*** ENTRIES PROVIDED
(* If $\Gamma;\Delta\vdash t:\rho$ in $\lambda\mu\mathrm{T}$, then $t\in\mathrm{SN}_A$, i.e. there is no infinite $\to_A$-reduction sequence starting from $t$.
   Context: The calculus $\lambda\mu\mathrm{T}$. Types: $\rho,\sigma,\tau ::= \mathbb{N} \mid \sigma\to\tau$. Over infinite sets of $\lambda$-variables $x,y,\dots$ and $\mu$-variables $\alpha,\beta,\gamma,\dots$, terms and commands are mutually defined by $t,r,s ::= x \mid \lambda x{:}\rho.r \mid t\,s \mid \mu\alpha{:}\rho.c \mid 0 \mid \mathsf{S}\,t \mid \mathsf{nrec}_\rho\ r\ s\ t$ and $c ::= [\alpha]t$ (type annotations often omitted). Terms are considered modulo renaming of bound variables; $t[x:=r]$ is capture-avoiding substitution. Numerals: $\underline{n} := \mathsf{S}^n 0$. Contexts: $E ::= \Box \mid E\,t \mid \mathsf{S}\,E \mid \mathsf{nrec}\ r\ s\ E$; $E[u]$ is the result of filling the hole with $u$. Structural substitution $t[\alpha:=\beta E]$ is defined homomorphically on all constructs (capture-avoiding for both kinds of variables) except $([\alpha]u)[\alpha:=\beta E] := [\beta]E[u[\alpha:=\beta E]]$ (and $([\gamma]u)[\alpha:=\beta E]:=[\gamma](u[\alpha:=\beta E])$ for $\gamma\neq\alpha$). Typing judgments $\Gamma;\Delta\vdash t:\rho$ and $\Gamma;\Delta\vdash c$ are generated by: (var) $x:\rho\in\Gamma \Rightarrow \Gamma;\Delta\vdash x:\rho$; (lambda) $\Gamma,x:\sigma;\Delta\vdash t:\tau \Rightarrow \Gamma;\Delta\vdash\lambda x{:}\sigma.t:\sigma\to\tau$; (app) $\Gamma;\Delta\vdash t:\sigma\to\tau$, $\Gamma;\Delta\vdash s:\sigma$ $\Rightarrow \Gamma;\Delta\vdash ts:\tau$; (zero) $\Gamma;\Delta\vdash 0:\mathbb{N}$; (suc) $\Gamma;\Delta\vdash t:\mathbb{N}\Rightarrow\Gamma;\Delta\vdash \mathsf{S}\,t:\mathbb{N}$; (nrec) $\Gamma;\Delta\vdash r:\rho$, $\Gamma;\Delta\vdash s:\mathbb{N}\to\rho\to\rho$, $\Gamma;\Delta\vdash t:\mathbb{N}$ $\Rightarrow \Gamma;\Delta\vdash\mathsf{nrec}_\rho\ r\ s\ t:\rho$; (activate) $\Gamma;\Delta,\alpha:\rho\vdash c\Rightarrow\Gamma;\Delta\vdash\mu\alpha{:}\rho.c:\rho$; (passivate) $\Gamma;\Delta\vdash t:\rho$, $\alpha:\rho\in\Delta$ $\Rightarrow \Gamma;\Delta\vdash[\alpha]t$. $\to_A$ is the compatible closure (on terms and commands) of the rules: $(\lambda x.t)r\to t[x:=r]$; $\mathsf{S}(\mu\alpha.c)\to\mu\alpha.c[\alpha:=\alpha(\mathsf{S}\,\Box)]$; $(\mu\alpha.c)s\to\mu\alpha.c[\alpha:=\alpha(\Box\,s)]$; $\mathsf{nrec}\ r\ s\ 0\to r$; $\mathsf{nrec}\ r\ s\ (\mathsf{S}\,\underline{n})\to s\ \underline{n}\ (\mathsf{nrec}\ r\ s\ \underline{n})$; $\mathsf{nrec}\ r\ s\ (\mu\alpha.c)\to\mu\alpha.c[\alpha:=\alpha(\mathsf{nrec}\ r\ s\ \Box)]$. $\mathrm{SN}_A$ is the set of terms inductively defined by: $t\in\mathrm{SN}_A$ whenever every $t'$ with $t\to_A t'$ is in $\mathrm{SN}_A$. *)

theory Defs
  imports Main
begin

text \<open>The calculus lambda-mu-T, with de Bruijn indices for both kinds of variables
  (lambda-variables and mu-variables live in separate index spaces).
  This realises terms modulo renaming of bound variables.\<close>

datatype ty = Nat | Arr ty ty

datatype trm =
    TVar nat
  | TLam ty trm
  | TApp trm trm
  | TMu ty cmd
  | TZero
  | TSucc trm
  | TNrec ty trm trm trm
and cmd = Pass nat trm

primrec numeral_t :: "nat \<Rightarrow> trm" where
  "numeral_t 0 = TZero"
| "numeral_t (Suc n) = TSucc (numeral_t n)"

primrec liftL :: "nat \<Rightarrow> trm \<Rightarrow> trm" and liftLc :: "nat \<Rightarrow> cmd \<Rightarrow> cmd" where
  "liftL k (TVar i) = (if i < k then TVar i else TVar (Suc i))"
| "liftL k (TLam \<sigma> t) = TLam \<sigma> (liftL (Suc k) t)"
| "liftL k (TApp t s) = TApp (liftL k t) (liftL k s)"
| "liftL k (TMu \<rho> c) = TMu \<rho> (liftLc k c)"
| "liftL k TZero = TZero"
| "liftL k (TSucc t) = TSucc (liftL k t)"
| "liftL k (TNrec \<rho> r s t) = TNrec \<rho> (liftL k r) (liftL k s) (liftL k t)"
| "liftLc k (Pass \<alpha> t) = Pass \<alpha> (liftL k t)"

primrec liftM :: "nat \<Rightarrow> trm \<Rightarrow> trm" and liftMc :: "nat \<Rightarrow> cmd \<Rightarrow> cmd" where
  "liftM k (TVar i) = TVar i"
| "liftM k (TLam \<sigma> t) = TLam \<sigma> (liftM k t)"
| "liftM k (TApp t s) = TApp (liftM k t) (liftM k s)"
| "liftM k (TMu \<rho> c) = TMu \<rho> (liftMc (Suc k) c)"
| "liftM k TZero = TZero"
| "liftM k (TSucc t) = TSucc (liftM k t)"
| "liftM k (TNrec \<rho> r s t) = TNrec \<rho> (liftM k r) (liftM k s) (liftM k t)"
| "liftMc k (Pass \<alpha> t) = Pass (if \<alpha> < k then \<alpha> else Suc \<alpha>) (liftM k t)"

text \<open>Capture-avoiding substitution of s for lambda-variable k
  (free indices above k are decremented, as the binder disappears).\<close>
primrec substL :: "trm \<Rightarrow> nat \<Rightarrow> trm \<Rightarrow> trm" and substLc :: "cmd \<Rightarrow> nat \<Rightarrow> trm \<Rightarrow> cmd" where
  "substL (TVar i) k s = (if i < k then TVar i else if i = k then s else TVar (i - 1))"
| "substL (TLam \<sigma> t) k s = TLam \<sigma> (substL t (Suc k) (liftL 0 s))"
| "substL (TApp t u) k s = TApp (substL t k s) (substL u k s)"
| "substL (TMu \<rho> c) k s = TMu \<rho> (substLc c k (liftM 0 s))"
| "substL TZero k s = TZero"
| "substL (TSucc t) k s = TSucc (substL t k s)"
| "substL (TNrec \<rho> r u t) k s = TNrec \<rho> (substL r k s) (substL u k s) (substL t k s)"
| "substLc (Pass \<alpha> t) k s = Pass \<alpha> (substL t k s)"

datatype ectx = Hole | EApp ectx trm | ESucc ectx | ENrec ty trm trm ectx

primrec fill :: "ectx \<Rightarrow> trm \<Rightarrow> trm" where
  "fill Hole u = u"
| "fill (EApp E t) u = TApp (fill E u) t"
| "fill (ESucc E) u = TSucc (fill E u)"
| "fill (ENrec \<rho> r s E) u = TNrec \<rho> r s (fill E u)"

primrec liftLE :: "nat \<Rightarrow> ectx \<Rightarrow> ectx" where
  "liftLE k Hole = Hole"
| "liftLE k (EApp E t) = EApp (liftLE k E) (liftL k t)"
| "liftLE k (ESucc E) = ESucc (liftLE k E)"
| "liftLE k (ENrec \<rho> r s E) = ENrec \<rho> (liftL k r) (liftL k s) (liftLE k E)"

primrec liftME :: "nat \<Rightarrow> ectx \<Rightarrow> ectx" where
  "liftME k Hole = Hole"
| "liftME k (EApp E t) = EApp (liftME k E) (liftM k t)"
| "liftME k (ESucc E) = ESucc (liftME k E)"
| "liftME k (ENrec \<rho> r s E) = ENrec \<rho> (liftM k r) (liftM k s) (liftME k E)"

text \<open>Structural substitution t[alpha := alpha E]: every command [alpha]u
  becomes [alpha] E[u[alpha := alpha E]].\<close>
primrec sst :: "nat \<Rightarrow> ectx \<Rightarrow> trm \<Rightarrow> trm" and sstc :: "nat \<Rightarrow> ectx \<Rightarrow> cmd \<Rightarrow> cmd" where
  "sst a E (TVar i) = TVar i"
| "sst a E (TLam \<sigma> t) = TLam \<sigma> (sst a (liftLE 0 E) t)"
| "sst a E (TApp t u) = TApp (sst a E t) (sst a E u)"
| "sst a E (TMu \<rho> c) = TMu \<rho> (sstc (Suc a) (liftME 0 E) c)"
| "sst a E TZero = TZero"
| "sst a E (TSucc t) = TSucc (sst a E t)"
| "sst a E (TNrec \<rho> r u t) = TNrec \<rho> (sst a E r) (sst a E u) (sst a E t)"
| "sstc a E (Pass \<beta> u) =
     (if \<beta> = a then Pass a (fill E (sst a E u)) else Pass \<beta> (sst a E u))"

inductive hastype :: "ty list \<Rightarrow> ty list \<Rightarrow> trm \<Rightarrow> ty \<Rightarrow> bool"
  and hastypec :: "ty list \<Rightarrow> ty list \<Rightarrow> cmd \<Rightarrow> bool" where
  t_var: "x < length \<Gamma> \<Longrightarrow> \<Gamma> ! x = \<rho> \<Longrightarrow> hastype \<Gamma> \<Delta> (TVar x) \<rho>"
| t_lam: "hastype (\<sigma> # \<Gamma>) \<Delta> t \<tau> \<Longrightarrow> hastype \<Gamma> \<Delta> (TLam \<sigma> t) (Arr \<sigma> \<tau>)"
| t_app: "hastype \<Gamma> \<Delta> t (Arr \<sigma> \<tau>) \<Longrightarrow> hastype \<Gamma> \<Delta> s \<sigma> \<Longrightarrow> hastype \<Gamma> \<Delta> (TApp t s) \<tau>"
| t_zero: "hastype \<Gamma> \<Delta> TZero Nat"
| t_suc: "hastype \<Gamma> \<Delta> t Nat \<Longrightarrow> hastype \<Gamma> \<Delta> (TSucc t) Nat"
| t_nrec: "hastype \<Gamma> \<Delta> r \<rho> \<Longrightarrow> hastype \<Gamma> \<Delta> s (Arr Nat (Arr \<rho> \<rho>)) \<Longrightarrow> hastype \<Gamma> \<Delta> t Nat
           \<Longrightarrow> hastype \<Gamma> \<Delta> (TNrec \<rho> r s t) \<rho>"
| t_act: "hastypec \<Gamma> (\<rho> # \<Delta>) c \<Longrightarrow> hastype \<Gamma> \<Delta> (TMu \<rho> c) \<rho>"
| t_pass: "hastype \<Gamma> \<Delta> t \<rho> \<Longrightarrow> \<alpha> < length \<Delta> \<Longrightarrow> \<Delta> ! \<alpha> = \<rho> \<Longrightarrow> hastypec \<Gamma> \<Delta> (Pass \<alpha> t)"

inductive red :: "trm \<Rightarrow> trm \<Rightarrow> bool" and redc :: "cmd \<Rightarrow> cmd \<Rightarrow> bool" where
  r_beta: "red (TApp (TLam \<sigma> t) r) (substL t 0 r)"
| r_suc_mu: "red (TSucc (TMu \<rho> c)) (TMu \<rho> (sstc 0 (ESucc Hole) c))"
| r_app_mu: "red (TApp (TMu (Arr \<sigma> \<tau>) c) s) (TMu \<tau> (sstc 0 (EApp Hole (liftM 0 s)) c))"
| r_nrec_0: "red (TNrec \<rho> r s TZero) r"
| r_nrec_S: "red (TNrec \<rho> r s (TSucc (numeral_t n)))
               (TApp (TApp s (numeral_t n)) (TNrec \<rho> r s (numeral_t n)))"
| r_nrec_mu: "red (TNrec \<rho> r s (TMu \<sigma> c))
               (TMu \<rho> (sstc 0 (ENrec \<rho> (liftM 0 r) (liftM 0 s) Hole) c))"
| c_lam: "red t t' \<Longrightarrow> red (TLam \<sigma> t) (TLam \<sigma> t')"
| c_app1: "red t t' \<Longrightarrow> red (TApp t s) (TApp t' s)"
| c_app2: "red s s' \<Longrightarrow> red (TApp t s) (TApp t s')"
| c_mu: "redc c c' \<Longrightarrow> red (TMu \<rho> c) (TMu \<rho> c')"
| c_suc: "red t t' \<Longrightarrow> red (TSucc t) (TSucc t')"
| c_nrec1: "red r r' \<Longrightarrow> red (TNrec \<rho> r s t) (TNrec \<rho> r' s t)"
| c_nrec2: "red s s' \<Longrightarrow> red (TNrec \<rho> r s t) (TNrec \<rho> r s' t)"
| c_nrec3: "red t t' \<Longrightarrow> red (TNrec \<rho> r s t) (TNrec \<rho> r s t')"
| c_pass: "red t t' \<Longrightarrow> redc (Pass \<alpha> t) (Pass \<alpha> t')"

inductive SNA :: "trm \<Rightarrow> bool" where
  SNA_intro: "(\<And>t'. red t t' \<Longrightarrow> SNA t') \<Longrightarrow> SNA t"

end

theory Submission
  imports Defs
begin

(* Strong normalization of the typed lambda-mu-calculus with Goedel's recursor (lambda-mu-T),
   by a reducibility argument in which types are interpreted through evaluation contexts.

   For every type rho we define a set K rho of "good" contexts E (for N: those with every
   E[numeral] strongly normalizing; for sigma -> tau: the hole and the contexts E'[[] s] with
   E' good for tau and s reducible for sigma), and call a term reducible for rho, t : R rho,
   if E[t] is strongly normalizing for every good E.  Since the hole is always good,
   reducible terms are strongly normalizing. *)

section \<open>Evaluation contexts\<close>

text \<open>Composition of contexts, and the number of frames of a context (the measure used
  to absorb a mu-abstraction into its surrounding context frame by frame).\<close>

primrec ecomp :: "ectx \<Rightarrow> ectx \<Rightarrow> ectx" where
  "ecomp Hole F = F"
| "ecomp (EApp E t) F = EApp (ecomp E F) t"
| "ecomp (ESucc E) F = ESucc (ecomp E F)"
| "ecomp (ENrec \<rho> r s E) F = ENrec \<rho> r s (ecomp E F)"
******
Repeat exactly the lines above from the one with "For every type" up to and including the one with "E' good for". No other line belongs in the reply.

   For every type rho we define a set K rho of "good" contexts E (for N: those with every
   E[numeral] strongly normalizing; for sigma -> tau: the hole and the contexts E'[[] s] with
   E' good for tau and s reducible for sigma), and call a term reducible for rho, t : R rho,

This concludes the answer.